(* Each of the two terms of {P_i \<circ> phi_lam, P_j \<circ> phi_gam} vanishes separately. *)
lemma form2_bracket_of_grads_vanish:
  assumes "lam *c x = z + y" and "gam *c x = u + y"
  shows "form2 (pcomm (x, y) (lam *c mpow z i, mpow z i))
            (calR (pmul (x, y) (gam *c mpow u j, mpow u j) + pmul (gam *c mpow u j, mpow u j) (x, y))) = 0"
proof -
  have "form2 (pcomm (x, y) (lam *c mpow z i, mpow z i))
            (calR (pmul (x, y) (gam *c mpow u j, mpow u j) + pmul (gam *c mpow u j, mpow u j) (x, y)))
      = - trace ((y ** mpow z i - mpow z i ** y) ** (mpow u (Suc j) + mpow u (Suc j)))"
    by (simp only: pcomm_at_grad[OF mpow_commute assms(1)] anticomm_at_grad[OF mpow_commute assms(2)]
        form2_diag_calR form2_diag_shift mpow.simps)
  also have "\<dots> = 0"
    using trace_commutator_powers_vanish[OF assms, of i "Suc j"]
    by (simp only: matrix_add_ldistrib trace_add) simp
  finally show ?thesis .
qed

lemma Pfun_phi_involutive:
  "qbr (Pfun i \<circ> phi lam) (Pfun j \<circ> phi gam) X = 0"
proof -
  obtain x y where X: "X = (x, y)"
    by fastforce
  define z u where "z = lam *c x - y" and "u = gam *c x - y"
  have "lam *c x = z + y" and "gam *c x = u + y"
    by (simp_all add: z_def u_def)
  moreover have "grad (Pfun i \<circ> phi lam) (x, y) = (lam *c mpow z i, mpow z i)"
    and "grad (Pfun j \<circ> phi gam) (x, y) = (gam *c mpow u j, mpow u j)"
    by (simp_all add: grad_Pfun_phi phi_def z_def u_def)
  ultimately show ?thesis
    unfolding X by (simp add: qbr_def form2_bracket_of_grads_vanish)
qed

* * *

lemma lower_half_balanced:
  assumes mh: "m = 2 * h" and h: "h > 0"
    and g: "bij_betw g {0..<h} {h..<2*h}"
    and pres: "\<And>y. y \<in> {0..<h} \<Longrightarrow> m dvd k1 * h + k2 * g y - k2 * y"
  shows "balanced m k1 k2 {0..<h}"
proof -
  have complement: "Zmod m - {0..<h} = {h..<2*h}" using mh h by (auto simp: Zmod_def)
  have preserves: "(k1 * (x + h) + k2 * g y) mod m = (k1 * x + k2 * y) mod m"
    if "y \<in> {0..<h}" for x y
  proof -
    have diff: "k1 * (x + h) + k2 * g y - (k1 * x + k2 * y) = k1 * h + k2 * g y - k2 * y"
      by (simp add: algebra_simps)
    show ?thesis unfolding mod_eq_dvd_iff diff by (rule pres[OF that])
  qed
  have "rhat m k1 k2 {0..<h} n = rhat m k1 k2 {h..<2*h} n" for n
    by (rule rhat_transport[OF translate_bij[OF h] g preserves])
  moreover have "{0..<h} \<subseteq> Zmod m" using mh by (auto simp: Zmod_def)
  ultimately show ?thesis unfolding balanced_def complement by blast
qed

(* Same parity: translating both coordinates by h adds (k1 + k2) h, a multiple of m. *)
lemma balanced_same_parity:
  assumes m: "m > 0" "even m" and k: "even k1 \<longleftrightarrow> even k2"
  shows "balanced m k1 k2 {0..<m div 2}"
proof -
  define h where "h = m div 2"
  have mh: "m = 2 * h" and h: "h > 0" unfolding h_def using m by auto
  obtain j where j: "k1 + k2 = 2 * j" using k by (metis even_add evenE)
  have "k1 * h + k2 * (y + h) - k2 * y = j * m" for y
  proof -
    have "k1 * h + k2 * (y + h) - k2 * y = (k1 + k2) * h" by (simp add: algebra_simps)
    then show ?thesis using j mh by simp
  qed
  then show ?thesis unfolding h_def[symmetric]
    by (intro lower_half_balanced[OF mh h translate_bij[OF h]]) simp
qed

--

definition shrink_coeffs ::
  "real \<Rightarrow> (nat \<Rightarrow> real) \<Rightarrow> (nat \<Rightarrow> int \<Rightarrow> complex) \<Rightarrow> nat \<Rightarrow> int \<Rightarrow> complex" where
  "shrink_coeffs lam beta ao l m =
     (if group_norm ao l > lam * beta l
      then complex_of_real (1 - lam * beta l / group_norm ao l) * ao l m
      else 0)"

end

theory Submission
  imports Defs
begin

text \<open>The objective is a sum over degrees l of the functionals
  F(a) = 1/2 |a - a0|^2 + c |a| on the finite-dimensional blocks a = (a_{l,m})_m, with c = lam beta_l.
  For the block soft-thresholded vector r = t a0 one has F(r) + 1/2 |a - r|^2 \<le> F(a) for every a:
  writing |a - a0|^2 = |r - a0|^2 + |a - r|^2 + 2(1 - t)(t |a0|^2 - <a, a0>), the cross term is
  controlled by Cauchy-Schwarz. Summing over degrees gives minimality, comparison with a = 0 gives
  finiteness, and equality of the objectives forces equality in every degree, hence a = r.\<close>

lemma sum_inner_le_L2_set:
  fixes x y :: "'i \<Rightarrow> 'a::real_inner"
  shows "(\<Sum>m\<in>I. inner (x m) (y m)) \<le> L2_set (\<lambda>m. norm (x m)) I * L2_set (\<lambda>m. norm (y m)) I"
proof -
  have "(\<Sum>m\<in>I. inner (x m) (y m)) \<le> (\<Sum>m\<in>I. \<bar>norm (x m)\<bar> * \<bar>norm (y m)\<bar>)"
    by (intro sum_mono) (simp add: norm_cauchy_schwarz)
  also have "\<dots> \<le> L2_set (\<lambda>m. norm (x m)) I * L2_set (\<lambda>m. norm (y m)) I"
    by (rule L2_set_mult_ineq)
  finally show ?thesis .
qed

Problem to solve. The answer must consist of every line in the records above that contains the word "then".

Worked solution.
    then show ?thesis using j mh by simp
  then show ?thesis unfolding h_def[symmetric]
      then complex_of_real (1 - lam * beta l / group_norm ao l) * ao l m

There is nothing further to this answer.